> [What to work on]
Find the lines in the records that carry the word "have". Copy each one.

Records excerpted from a collection:

====

section \<open>The entropy rate\<close>

lemma decseq_ln_perplexity_rate:
  assumes "perplexities k"
  shows "decseq (\<lambda>l. ln (k l) / 2 ^ l)"
proof (rule decseq_SucI)
  fix l
  have "0 < k l" "0 < k (Suc l)" "k (Suc l) \<le> k l ^ 2"
    using assms by (auto simp: perplexities_def dest: spec[of _ "Suc l"])
  then have "ln (k (Suc l)) \<le> ln (real (k l) ^ 2)"
    by (subst ln_le_cancel_iff) (simp_all flip: of_nat_power)
  also have "\<dots> = 2 * ln (k l)"
    using assms by (simp add: ln_realpow perplexities_def)
  finally show "ln (k (Suc l)) / 2 ^ Suc l \<le> ln (k l) / 2 ^ l"
    by (simp add: field_simps)
qed

lemma cINF_eq_if_asymptotically_between:
  fixes a h :: "nat \<Rightarrow> real"
  assumes "bdd_below (range a)" and lower: "\<And>n. a n \<le> h n"
    and upper: "\<And>l. \<exists>e. e \<longlonglongrightarrow> 0 \<and> (\<forall>n\<ge>l. h n \<le> a l + e n)"
  shows "(INF n. h n) = (INF l. a l)"
proof (rule antisym)
  have "bdd_below (range h)"
    using assms(1) lower by (auto simp: bdd_below_def intro: order_trans)
  show "(INF n. h n) \<le> (INF l. a l)"
  proof (rule cINF_greatest)
    fix l
    obtain e where e: "e \<longlonglongrightarrow> 0" "\<forall>n\<ge>l. h n \<le> a l + e n"
      using upper by blast
    have "\<forall>n\<ge>l. (INF n. h n) \<le> a l + e n"
      using e(2) cINF_lower[OF \<open>bdd_below (range h)\<close>] by (blast intro: order_trans)
    then show "(INF n. h n) \<le> a l"
      using LIMSEQ_le_const[OF tendsto_add_const_iff[THEN iffD2, OF e(1)]] by auto
  qed simp
  show "(INF l. a l) \<le> (INF n. h n)"
    using cINF_lower[OF assms(1)] lower by (blast intro: cINF_greatest order_trans)
qed
(* There is no edge-to-edge tiling of the sphere by $f=12$ congruent $a^4b$-pentagons with angles $(\alpha,\beta,\gamma,\delta,\epsilon)=(\pi,\tfrac23\pi,\tfrac12\pi,\tfrac12\pi,\tfrac23\pi)$.
   Context: An $a^4b$-pentagon is a spherical pentagon with four edges of length $a$ and one edge of length $b\neq a$; $\alpha$ is the vertex opposite the $b$-edge, $\beta,\gamma$ are adjacent to $\alpha$, $\delta$ is the endpoint of the $b$-edge adjacent to $\beta$ and $\epsilon$ the endpoint of the $b$-edge adjacent to $\gamma$. Tiles are congruent copies, mirror images allowed. *)

theory Defs
  imports "HOL-Analysis.Analysis"
begin

definition sarc :: "real^3 \<Rightarrow> real^3 \<Rightarrow> (real^3) set" where
  "sarc p q = (\<lambda>t. (let x = (1 - t) *\<^sub>R p + t *\<^sub>R q in x /\<^sub>R norm x)) ` {0..1}"

definition poly_edge :: "(real^3) list \<Rightarrow> nat \<Rightarrow> (real^3) set" where
  "poly_edge vs k = sarc (vs ! k) (vs ! (Suc k mod length vs))"

definition poly_curve :: "(real^3) list \<Rightarrow> (real^3) set" where
  "poly_curve vs = (\<Union>k<length vs. poly_edge vs k)"

text \<open>T is a (closed) spherical polygon with vertices vs in cyclic order: the boundary
  is a simple closed curve made of minor great arcs, and T is the closure of one of the
  complementary regions (a component of the complement together with the curve).\<close>
definition spherical_polygon :: "(real^3) set \<Rightarrow> (real^3) list \<Rightarrow> bool" where
  "spherical_polygon T vs \<longleftrightarrow>
     (let n = length vs; K = poly_curve vs in
       3 \<le> n \<and> set vs \<subseteq> sphere 0 1 \<and> distinct vs \<and>
       (\<forall>k<n. vs ! (Suc k mod n) \<noteq> - (vs ! k)) \<and>
       (\<forall>k<n. \<forall>l<n. k \<noteq> l \<longrightarrow>
          poly_edge vs k \<inter> poly_edge vs l \<subseteq>
            {vs ! k, vs ! (Suc k mod n)} \<inter> {vs ! l, vs ! (Suc l mod n)}) \<and>
       (\<exists>x \<in> sphere 0 1 - K. T = connected_component_set (sphere 0 1 - K) x \<union> K))"

definition sdist :: "real^3 \<Rightarrow> real^3 \<Rightarrow> real" where
  "sdist p q = arccos (p \<bullet> q)"

definition tangent_dir :: "real^3 \<Rightarrow> real^3 \<Rightarrow> real^3" where
  "tangent_dir v u = (let x = u - (v \<bullet> u) *\<^sub>R v in x /\<^sub>R norm x)"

====

> [Response to this task]
  have "0 < k l" "0 < k (Suc l)" "k (Suc l) \<le> k l ^ 2"
  then have "ln (k (Suc l)) \<le> ln (real (k l) ^ 2)"
  also have "\<dots> = 2 * ln (k l)"
  have "bdd_below (range h)"
    have "\<forall>n\<ge>l. (INF n. h n) \<le> a l + e n"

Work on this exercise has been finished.